◆ PROBLEM DESCRIPTION: Only one stretch of the records below is wanted: the lines from the one holding "G (t + 2 * pi / \<bar>b\<bar>)" through the one holding "(z t)) (at t))". Return it exactly, both ends included.

===== EXTRACTED ENTRIES

(* Let $a,b,e\in\mathbb{R}$ with $b\ne0$, and let $\alpha_i(t)$ ($i=1,\dots,4$) be scalar continuous functions (not necessarily odd). (i) Suppose $b\alpha_1(t)+\alpha_3(t)$ is $2\pi/|b|$-periodic, $a(a+e)<0$, and $\int_0^{2\pi/b}(b\alpha_1(s)+\alpha_3(s))\,ds=0$. Then the solution $$x(t)=\sqrt{-a(a+e)}\sin\Big(bt+\int_0^t(b\alpha_1(s)+\alpha_3(s))ds\Big),\ y(t)=\sqrt{-a(a+e)}\cos\Big(bt+\int_0^t(b\alpha_1(s)+\alpha_3(s))ds\Big),\ z(t)=-a$$ of the system $$\begin{aligned}\dot x&=(ax+by+xz)(1+\alpha_1(t))+x(a+z)\alpha_2(t)+y\alpha_3(t),\\ \dot y&=(-bx+ay+yz)(1+\alpha_1(t))+y(a+z)\alpha_2(t)-x\alpha_3(t),\\ \dot z&=(ez-x^2-y^2-z^2)(1+\alpha_1(t)+\alpha_2(t))\end{aligned}$$ is $2\pi/|b|$-periodic (the period not necessarily minimal). (ii) Suppose $b\alpha_1(t)+\alpha_3(t)+a^4\alpha_4(t)$ is $2\pi/|b|$-periodic and $\int_0^{2\pi/b}(b\alpha_1(s)+\alpha_3(s)+a^4\alpha_4(s))\,ds=0$. Then the solution $$x(t)=a\sin\Big(bt+\int_0^t(b\alpha_1(s)+\alpha_3(s)+a^4\alpha_4(s))ds\Big),\ y(t)=a\cos\Big(bt+\int_0^t(b\alpha_1(s)+\alpha_3(s)+a^4\alpha_4(s))ds\Big),\ z(t)=-a$$ of the system $$\begin{aligned}\dot x&=(ax+by+xz)(1+\alpha_1(t))+x(a+z)\alpha_2(t)+y\alpha_3(t)-y(x^2+y^2)(4az+x^2+y^2+2z^2)\alpha_4(t),\\ \dot y&=(-bx+ay+yz)(1+\alpha_1(t))+y(a+z)\alpha_2(t)-x\alpha_3(t)+x(x^2+y^2)(4az+x^2+y^2+2z^2)\alpha_4(t),\\ \dot z&=-(2az+x^2+y^2+z^2)(1+\alpha_1(t)+\alpha_2(t))\end{aligned}$$ is $2\pi/|b|$-periodic (the period not necessarily minimal). *)

theory Defs
  imports "HOL-Analysis.Analysis"
begin

definition periodic_with :: "real \<Rightarrow> (real \<Rightarrow> 'a) \<Rightarrow> bool" where
  "periodic_with p f \<longleftrightarrow> (\<forall>t. f (t + p) = f t)"

end

theory Submission
  imports Defs
begin

text \<open>
  In both systems the vector field, restricted to the circle x^2 + y^2 = r^2 in the plane
  z = -a (with r^2 = -a(a+e), resp. r = a), is a rotation with time-dependent angular velocity
  b + g(t), where g = b \<alpha>1 + \<alpha>3 (+ a^4 \<alpha>4). Hence (r sin \<theta>, r cos \<theta>, -a) is a solution
  as soon as \<theta>' = b + g, i.e. \<theta>(t) = b t + \<integral>[0,t] g. If g is 2\<pi>/|b|-periodic with zero
  integral over a period, then \<integral>[0,t] g is 2\<pi>/|b|-periodic as well, so \<theta> advances by
  exactly \<plusminus>2\<pi> over each period.
\<close>

lemma has_real_derivative_LBINT_from_0:
  fixes g :: "real \<Rightarrow> real"
  assumes "continuous_on UNIV g"
  shows "((\<lambda>t. LBINT s=0..t. g s) has_real_derivative g x) (at x)"
proof -
  let ?I = "{min 0 x - 1..max 0 x + 1}"
  have "((\<lambda>t. LBINT s=ereal 0..t. g s) has_vector_derivative g x) (at x within ?I)"
    by (rule interval_integral_FTC2) (auto intro: continuous_on_subset[OF assms])
  moreover have "at x within ?I = at x"
    by (rule at_within_interior) auto
  ultimately show ?thesis
    by (simp add: zero_ereal_def has_real_derivative_iff_has_vector_derivative)
qed

lemma periodic_with_uminus_iff: "periodic_with (- p) f \<longleftrightarrow> periodic_with p f"
  unfolding periodic_with_def by (metis add.commute add_diff_cancel_left' uminus_add_conv_diff)

lemma periodic_with_LBINT_from_0:
  fixes g :: "real \<Rightarrow> real"
  assumes "continuous_on UNIV g" and "periodic_with p g" and "(LBINT s=0..p. g s) = 0"
  shows "periodic_with p (\<lambda>t. LBINT s=0..t. g s)"
proof -
  define G where "G t = (LBINT s=0..t. g s)" for t :: real
  have "\<forall>x. ((\<lambda>t. G (t + p) - G t) has_real_derivative 0) (at x)"
  proof
    fix x
    have G': "(G has_real_derivative g y) (at y)" for y
      unfolding G_def by (rule has_real_derivative_LBINT_from_0[OF assms(1)])
    have "((\<lambda>t. G (t + p) - G t) has_real_derivative g (x + p) - g x) (at x)"
      using G'[of "x + p"] G'[of x] by (intro DERIV_diff) (simp_all add: DERIV_shift)
    then show "((\<lambda>t. G (t + p) - G t) has_real_derivative 0) (at x)"
      using \<open>periodic_with p g\<close> by (simp add: periodic_with_def)
  qed
  then have "G (t + p) - G t = G (0 + p) - G 0" for t
    using DERIV_isconst_all[of "\<lambda>t. G (t + p) - G t" t 0] by simp
  moreover have "G 0 = 0" and "G p = 0"
    using assms(3) by (simp_all add: G_def flip: zero_ereal_def)
  ultimately show ?thesis
    by (simp add: periodic_with_def G_def)
qed

lemma periodic_with_phase:
  fixes b :: real and h :: "real \<Rightarrow> 'a" and G :: "real \<Rightarrow> real"
  assumes "b \<noteq> 0" and "periodic_with (2 * pi) h" and "periodic_with (2 * pi / \<bar>b\<bar>) G"
  shows "periodic_with (2 * pi / \<bar>b\<bar>) (\<lambda>t. h (b * t + G t))"
proof -
  have "b * (2 * pi / \<bar>b\<bar>) = 2 * pi \<or> b * (2 * pi / \<bar>b\<bar>) = - (2 * pi)"
    using \<open>b \<noteq> 0\<close> by (cases "b > 0") auto
  then have "periodic_with (b * (2 * pi / \<bar>b\<bar>)) h"
    using assms(2) periodic_with_uminus_iff by metis
  moreover have "b * (t + 2 * pi / \<bar>b\<bar>) + G (t + 2 * pi / \<bar>b\<bar>)
      = (b * t + G t) + b * (2 * pi / \<bar>b\<bar>)" for t
    using assms(3) by (simp add: periodic_with_def distrib_left)
  ultimately show ?thesis
    unfolding periodic_with_def by metis
qed

lemma periodic_solution_on_rotating_circle:
  fixes b r c :: real and g :: "real \<Rightarrow> real"
    and F G H :: "real \<Rightarrow> real \<Rightarrow> real \<Rightarrow> real \<Rightarrow> real"
  assumes "b \<noteq> 0" and "continuous_on UNIV g"
    and "periodic_with (2 * pi / \<bar>b\<bar>) g" and "(LBINT s=0..(2 * pi / b). g s) = 0"
    and F: "\<And>t u v. u\<^sup>2 + v\<^sup>2 = r\<^sup>2 \<Longrightarrow> F t u v c = (b + g t) * v"
    and G: "\<And>t u v. u\<^sup>2 + v\<^sup>2 = r\<^sup>2 \<Longrightarrow> G t u v c = - (b + g t) * u"
    and H: "\<And>t u v. u\<^sup>2 + v\<^sup>2 = r\<^sup>2 \<Longrightarrow> H t u v c = 0"
  shows
    "let \<theta> = (\<lambda>t. b * t + (LBINT s=0..t. g s));
         x = (\<lambda>t. r * sin (\<theta> t));
         y = (\<lambda>t. r * cos (\<theta> t));
         z = (\<lambda>t. c)
     in (\<forall>t. (x has_real_derivative F t (x t) (y t) (z t)) (at t)
            \<and> (y has_real_derivative G t (x t) (y t) (z t)) (at t)
            \<and> (z has_real_derivative H t (x t) (y t) (z t)) (at t))
        \<and> periodic_with (2 * pi / \<bar>b\<bar>) x
        \<and> periodic_with (2 * pi / \<bar>b\<bar>) y
        \<and> periodic_with (2 * pi / \<bar>b\<bar>) z"
proof -
  define \<theta> where "\<theta> t = b * t + (LBINT s=0..t. g s)" for t :: real
  have \<theta>': "(\<theta> has_real_derivative b + g t) (at t)" for t
    unfolding \<theta>_def using has_real_derivative_LBINT_from_0[OF \<open>continuous_on UNIV g\<close>]
    by (auto intro!: derivative_eq_intros)
  have on_circle: "(r * sin (\<theta> t))\<^sup>2 + (r * cos (\<theta> t))\<^sup>2 = r\<^sup>2" for t
    by (simp add: power_mult_distrib flip: distrib_left)
  have "periodic_with (2 * pi / \<bar>b\<bar>) (\<lambda>t. LBINT s=0..t. g s)"
  proof -
    have "2 * pi / b = 2 * pi / \<bar>b\<bar> \<or> 2 * pi / b = - (2 * pi / \<bar>b\<bar>)"
      by (cases "b > 0") auto
    then show ?thesis
      using periodic_with_LBINT_from_0[OF \<open>continuous_on UNIV g\<close>] assms(3,4)
      by (metis periodic_with_uminus_iff)
  qed
  then have periodic_in_phase: "periodic_with (2 * pi / \<bar>b\<bar>) (\<lambda>t. h (\<theta> t))"
    if "periodic_with (2 * pi) h" for h :: "real \<Rightarrow> real"
    unfolding \<theta>_def using periodic_with_phase[OF \<open>b \<noteq> 0\<close> that] by blast
  show ?thesis
    unfolding Let_def \<theta>_def[symmetric]
  proof (intro conjI allI)
    fix t
    show "((\<lambda>t. r * sin (\<theta> t)) has_real_derivative F t (r * sin (\<theta> t)) (r * cos (\<theta> t)) c) (at t)"
      using F[OF on_circle] by (auto intro!: derivative_eq_intros \<theta>')
    show "((\<lambda>t. r * cos (\<theta> t)) has_real_derivative G t (r * sin (\<theta> t)) (r * cos (\<theta> t)) c) (at t)"
      using G[OF on_circle] by (auto intro!: derivative_eq_intros \<theta>' simp: algebra_simps)
    show "((\<lambda>t. c) has_real_derivative H t (r * sin (\<theta> t)) (r * cos (\<theta> t)) c) (at t)"
      using H[OF on_circle] by simp
  qed (rule periodic_in_phase, simp add: periodic_with_def)+
qed

theorem theorem5:
  fixes a b e :: real
    and \<alpha>1 \<alpha>2 \<alpha>3 \<alpha>4 :: "real \<Rightarrow> real"
  assumes hb: "b \<noteq> 0"
    and c1: "continuous_on UNIV \<alpha>1" and c2: "continuous_on UNIV \<alpha>2"
    and c3: "continuous_on UNIV \<alpha>3" and c4: "continuous_on UNIV \<alpha>4"
  shows
   "(periodic_with (2 * pi / \<bar>b\<bar>) (\<lambda>t. b * \<alpha>1 t + \<alpha>3 t)
      \<and> a * (a + e) < 0
      \<and> (LBINT s=0..(2 * pi / b). b * \<alpha>1 s + \<alpha>3 s) = 0
    \<longrightarrow>
     (let \<theta> = (\<lambda>t. b * t + (LBINT s=0..t. b * \<alpha>1 s + \<alpha>3 s));
          x = (\<lambda>t. sqrt (- a * (a + e)) * sin (\<theta> t));
          y = (\<lambda>t. sqrt (- a * (a + e)) * cos (\<theta> t));
          z = (\<lambda>t. - a)
      in (\<forall>t.
            (x has_real_derivative
               ((a * x t + b * y t + x t * z t) * (1 + \<alpha>1 t) + x t * (a + z t) * \<alpha>2 t
                 + y t * \<alpha>3 t)) (at t)
          \<and> (y has_real_derivative
               ((- b * x t + a * y t + y t * z t) * (1 + \<alpha>1 t) + y t * (a + z t) * \<alpha>2 t
                 - x t * \<alpha>3 t)) (at t)
          \<and> (z has_real_derivative
               ((e * z t - (x t)^2 - (y t)^2 - (z t)^2) * (1 + \<alpha>1 t + \<alpha>2 t))) (at t))
         \<and> periodic_with (2 * pi / \<bar>b\<bar>) x
         \<and> periodic_with (2 * pi / \<bar>b\<bar>) y
         \<and> periodic_with (2 * pi / \<bar>b\<bar>) z))
   \<and>
   (periodic_with (2 * pi / \<bar>b\<bar>) (\<lambda>t. b * \<alpha>1 t + \<alpha>3 t + a^4 * \<alpha>4 t)
      \<and> (LBINT s=0..(2 * pi / b). b * \<alpha>1 s + \<alpha>3 s + a^4 * \<alpha>4 s) = 0
    \<longrightarrow>
     (let \<theta> = (\<lambda>t. b * t + (LBINT s=0..t. b * \<alpha>1 s + \<alpha>3 s + a^4 * \<alpha>4 s));
          x = (\<lambda>t. a * sin (\<theta> t));
          y = (\<lambda>t. a * cos (\<theta> t));
          z = (\<lambda>t. - a)
      in (\<forall>t.
            (x has_real_derivative
               ((a * x t + b * y t + x t * z t) * (1 + \<alpha>1 t) + x t * (a + z t) * \<alpha>2 t
                 + y t * \<alpha>3 t
                 - y t * ((x t)^2 + (y t)^2) * (4 * a * z t + (x t)^2 + (y t)^2 + 2 * (z t)^2)
                   * \<alpha>4 t)) (at t)
          \<and> (y has_real_derivative
               ((- b * x t + a * y t + y t * z t) * (1 + \<alpha>1 t) + y t * (a + z t) * \<alpha>2 t
                 - x t * \<alpha>3 t
                 + x t * ((x t)^2 + (y t)^2) * (4 * a * z t + (x t)^2 + (y t)^2 + 2 * (z t)^2)
                   * \<alpha>4 t)) (at t)
          \<and> (z has_real_derivative
               (- (2 * a * z t + (x t)^2 + (y t)^2 + (z t)^2) * (1 + \<alpha>1 t + \<alpha>2 t))) (at t))
         \<and> periodic_with (2 * pi / \<bar>b\<bar>) x
         \<and> periodic_with (2 * pi / \<bar>b\<bar>) y
         \<and> periodic_with (2 * pi / \<bar>b\<bar>) z))"
proof ((intro conjI impI; elim conjE), goal_cases)
  case 1
  have radius: "(sqrt (- a * (a + e)))\<^sup>2 = - a * (a + e)"
    using 1 by simp
  show ?case
  proof (rule periodic_solution_on_rotating_circle)
    show "continuous_on UNIV (\<lambda>s. b * \<alpha>1 s + \<alpha>3 s)"
      by (intro continuous_intros c1 c3)
    fix t u v :: real
    assume "u\<^sup>2 + v\<^sup>2 = (sqrt (- a * (a + e)))\<^sup>2"
    then show "(e * - a - u\<^sup>2 - v\<^sup>2 - (- a)\<^sup>2) * (1 + \<alpha>1 t + \<alpha>2 t) = 0"
      unfolding radius by algebra
  qed ((fact hb 1) | (simp add: algebra_simps))+
next
  case 2
  show ?case
  proof (rule periodic_solution_on_rotating_circle)
    show "continuous_on UNIV (\<lambda>s. b * \<alpha>1 s + \<alpha>3 s + a^4 * \<alpha>4 s)"
      by (intro continuous_intros c1 c3 c4)
  qed ((fact hb 2) | algebra)+
qed

end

==========

◆ SOLUTION FOR THIS EXERCISE:
  moreover have "b * (t + 2 * pi / \<bar>b\<bar>) + G (t + 2 * pi / \<bar>b\<bar>)
      = (b * t + G t) + b * (2 * pi / \<bar>b\<bar>)" for t
    using assms(3) by (simp add: periodic_with_def distrib_left)
  ultimately show ?thesis
    unfolding periodic_with_def by metis
qed

lemma periodic_solution_on_rotating_circle:
  fixes b r c :: real and g :: "real \<Rightarrow> real"
    and F G H :: "real \<Rightarrow> real \<Rightarrow> real \<Rightarrow> real \<Rightarrow> real"
  assumes "b \<noteq> 0" and "continuous_on UNIV g"
    and "periodic_with (2 * pi / \<bar>b\<bar>) g" and "(LBINT s=0..(2 * pi / b). g s) = 0"
    and F: "\<And>t u v. u\<^sup>2 + v\<^sup>2 = r\<^sup>2 \<Longrightarrow> F t u v c = (b + g t) * v"
    and G: "\<And>t u v. u\<^sup>2 + v\<^sup>2 = r\<^sup>2 \<Longrightarrow> G t u v c = - (b + g t) * u"
    and H: "\<And>t u v. u\<^sup>2 + v\<^sup>2 = r\<^sup>2 \<Longrightarrow> H t u v c = 0"
  shows
    "let \<theta> = (\<lambda>t. b * t + (LBINT s=0..t. g s));
         x = (\<lambda>t. r * sin (\<theta> t));
         y = (\<lambda>t. r * cos (\<theta> t));
         z = (\<lambda>t. c)
     in (\<forall>t. (x has_real_derivative F t (x t) (y t) (z t)) (at t)
            \<and> (y has_real_derivative G t (x t) (y t) (z t)) (at t)
            \<and> (z has_real_derivative H t (x t) (y t) (z t)) (at t))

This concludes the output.